Activity
Search the entries for the word "subsetD" and pull out each line that has it.

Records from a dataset
####
lemma connected_rect_subset_or_disjoint:
  assumes op: "orthogonal_polygon P" and C: "connected C" "C \<subseteq> interior P - cuts P"
  shows "C \<subseteq> {y. rect g y \<subseteq> P} \<or> C \<inter> {y. rect g y \<subseteq> P} = {}"
proof -
  let ?G = "{y. rect g y \<subseteq> P}"
  have "C \<inter> ?G \<subseteq> interior ?G"
  proof
    fix y assume y: "y \<in> C \<inter> ?G"
    then obtain \<epsilon> where "\<epsilon> > 0" and near: "\<forall>y'. dist y' y < \<epsilon> \<longrightarrow> rect g y' \<subseteq> P"
      using rect_subset_near[OF op, of y g] C(2) by blast
    have "ball y \<epsilon> \<subseteq> ?G"
      using near by (simp add: subset_iff dist_commute)
    then show "y \<in> interior ?G"
      using \<open>\<epsilon> > 0\<close> by (meson centre_in_ball interior_maximal open_ball subsetD)
  qed
  moreover have "closed ?G"
    using closed_rect_subset[OF orthogonal_polygon_closed[OF op]] .
  ultimately have "interior ?G \<inter> C = {} \<or> - ?G \<inter> C = {}"
    using interior_subset[of ?G]
    by (intro connectedD[OF C(1) open_interior open_Compl]) auto
  then show ?thesis
    using \<open>C \<inter> ?G \<subseteq> interior ?G\<close> by blast
qed

lemma pixelE:
  assumes "\<psi> \<in> pixels P"
  obtains C where "connected C" "C \<subseteq> interior P - cuts P" "\<psi> = closure C"
  using assms in_components_connected in_components_subset unfolding pixels_def by blast

lemma pixel_subset_polygon:
  assumes op: "orthogonal_polygon P" and "\<psi> \<in> pixels P"
  shows "\<psi> \<subseteq> P"
proof -
  obtain C where "C \<subseteq> interior P - cuts P" "\<psi> = closure C"
    by (rule pixelE[OF assms(2)])
  then show ?thesis
    using interior_subset closure_minimal[OF _ orthogonal_polygon_closed[OF op]] by blast
qed


section \<open>Pixel interiors avoid the cuts\<close>

definition rect_visibility_splits :: "pt set \<Rightarrow> pt \<Rightarrow> bool" where
  "rect_visibility_splits P p \<longleftrightarrow>
     (\<exists>g n \<rho>. n \<noteq> 0 \<and> \<rho> > 0 \<and> (\<forall>c\<in>ball p \<rho>. rect g c \<subseteq> P \<longleftrightarrow> inner (c - p) n \<le> 0))"

lemma dense_in_ball_meets_halfspace:
  fixes p n :: "'a::real_inner"
  assumes "ball p r \<subseteq> closure C" "r > 0" "n \<noteq> 0"
  shows "\<exists>c\<in>C \<inter> ball p r. inner (c - p) n > 0"
proof -
  let ?U = "ball p r \<inter> {c. inner (c - p) n > 0}"
  have "open ?U"
    by (intro open_Int open_ball open_Collect_less continuous_intros)
  have "norm n > 0"
    using assms(3) by simp
  define c where "c = p + (r / (2 * norm n)) *\<^sub>R n"
  have "dist c p = r / 2"
    using \<open>r > 0\<close> \<open>norm n > 0\<close> by (simp add: c_def dist_norm)
  moreover have "inner (c - p) n = r / (2 * norm n) * (norm n)\<^sup>2"
    by (simp add: c_def power2_norm_eq_inner)
  then have "inner (c - p) n = r * norm n / 2"
    using \<open>norm n > 0\<close> by (simp add: power2_eq_square)
  ultimately have "c \<in> ?U"
    using mult_pos_pos[OF \<open>r > 0\<close> \<open>norm n > 0\<close>] \<open>r > 0\<close> by (simp add: dist_commute)
  then have "?U \<inter> C \<noteq> {}"
    using open_Int_closure_eq_empty[OF \<open>open ?U\<close>, of C] assms(1) by blast
  then show ?thesis
    by blast
qed

lemma pixel_interior_not_splits:
  assumes op: "orthogonal_polygon P" and \<psi>: "\<psi> \<in> pixels P" and p: "p \<in> interior \<psi>"
  shows "\<not> rect_visibility_splits P p"
proof
  assume "rect_visibility_splits P p"
  then obtain g n \<rho> where "n \<noteq> 0" "\<rho> > 0"
    and split: "\<forall>c\<in>ball p \<rho>. rect g c \<subseteq> P \<longleftrightarrow> inner (c - p) n \<le> 0"
    unfolding rect_visibility_splits_def by blast
  obtain C where C: "connected C" "C \<subseteq> interior P - cuts P" "\<psi> = closure C"
    by (rule pixelE[OF \<psi>])
  obtain r where "r > 0" "ball p r \<subseteq> interior \<psi>"
    using p by (meson open_contains_ball_eq open_interior)
  then have "ball p r \<subseteq> closure C"
    using C(3) interior_subset by blast
  moreover have "ball p (min r \<rho>) \<subseteq> ball p r" "ball p (min r \<rho>) \<subseteq> ball p \<rho>"
    by (simp_all add: subset_ball)
  ultimately have dense: "ball p (min r \<rho>) \<subseteq> closure C" and "0 < min r \<rho>"
    using \<open>r > 0\<close> \<open>\<rho> > 0\<close> by auto
  obtain c1 where "c1 \<in> C" "c1 \<in> ball p \<rho>" "inner (c1 - p) (- n) > 0"
    using dense_in_ball_meets_halfspace[OF dense \<open>0 < min r \<rho>\<close>] \<open>n \<noteq> 0\<close>
      \<open>ball p (min r \<rho>) \<subseteq> ball p \<rho>\<close> by (metis IntD1 IntD2 neg_equal_0_iff_equal subsetD)
  moreover obtain c2 where "c2 \<in> C" "c2 \<in> ball p \<rho>" "inner (c2 - p) n > 0"
    using dense_in_ball_meets_halfspace[OF dense \<open>0 < min r \<rho>\<close> \<open>n \<noteq> 0\<close>]
      \<open>ball p (min r \<rho>) \<subseteq> ball p \<rho>\<close> by blast
  ultimately have "c1 \<in> C \<inter> {y. rect g y \<subseteq> P}" "c2 \<in> C - {y. rect g y \<subseteq> P}"
    using split by auto
  then show False
    using connected_rect_subset_or_disjoint[OF op C(1,2), of g] by blast
qed

lemma chord_locally_in_near_side:
  fixes v :: pt
  assumes e: "e > 0" and sx: "sx \<in> {-1, 1}" and sy: "sy \<in> {-1, 1}"
    and M: "\<forall>q. dist q v < e \<longrightarrow> (q \<in> P \<longleftrightarrow> \<not> (sx * (fst q - fst v) > 0 \<and> sy * (snd q - snd v) > 0))"
    and t: "t > 0" and p: "p = (fst v, snd v - sy * t)"
    and chord: "\<And>\<sigma>. 0 < \<sigma> \<Longrightarrow> \<sigma> < t \<Longrightarrow> (fst v, snd v - sy * \<sigma>) \<in> interior P"
    and p_interior: "p \<in> interior P"
    and y: "min (snd v + sy * (e / 2)) (snd p) \<le> y" "y \<le> max (snd v + sy * (e / 2)) (snd p)"
  shows "\<exists>r>0. ball (fst v, y) r \<inter> {q. sx * (fst q - fst v) \<le> 0} \<subseteq> P"
proof (cases "sy * (snd v - y) \<le> 0")
  case True
  have "dist (fst v, y) v \<le> \<bar>y - snd v\<bar>"
    using dist_le_abs_fst_plus_abs_snd[of "(fst v, y)" v] by simp
  also have "\<dots> \<le> e / 2"
    using y True sy e t by (auto simp: p min_def max_def split: if_splits)
  finally have "dist (fst v, y) v < e"
    using e by simp
  moreover have "ball (fst v, y) (e - dist (fst v, y) v) \<inter> {q. sx * (fst q - fst v) \<le> 0} \<subseteq> P"
  proof
    fix q assume "q \<in> ball (fst v, y) (e - dist (fst v, y) v) \<inter> {q. sx * (fst q - fst v) \<le> 0}"
    then have "dist q v < e" "\<not> sx * (fst q - fst v) > 0"
      using dist_triangle[of q v "(fst v, y)"] by (auto simp: dist_commute)
    then show "q \<in> P"
      using M by blast
  qed
  ultimately show ?thesis
    by (intro exI[of _ "e - dist (fst v, y) v"]) simp
next
  case False
  have "sy * (snd v - y) \<le> t"
    using y sy t e by (auto simp: p min_def max_def split: if_splits)
  moreover have "(fst v, y) = (fst v, snd v - sy * (sy * (snd v - y)))"
    using sy by auto
  ultimately have "(fst v, y) \<in> interior P"
    using chord[of "sy * (snd v - y)"] p_interior False
    by (cases "sy * (snd v - y) = t") (auto simp: p)
  then show ?thesis
    using interior_subset by (meson le_infI1 open_contains_ball_eq open_interior order_trans)
qed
####
Exercise output
      using \<open>\<epsilon> > 0\<close> by (meson centre_in_ball interior_maximal open_ball subsetD)
      \<open>ball p (min r \<rho>) \<subseteq> ball p \<rho>\<close> by (metis IntD1 IntD2 neg_equal_0_iff_equal subsetD)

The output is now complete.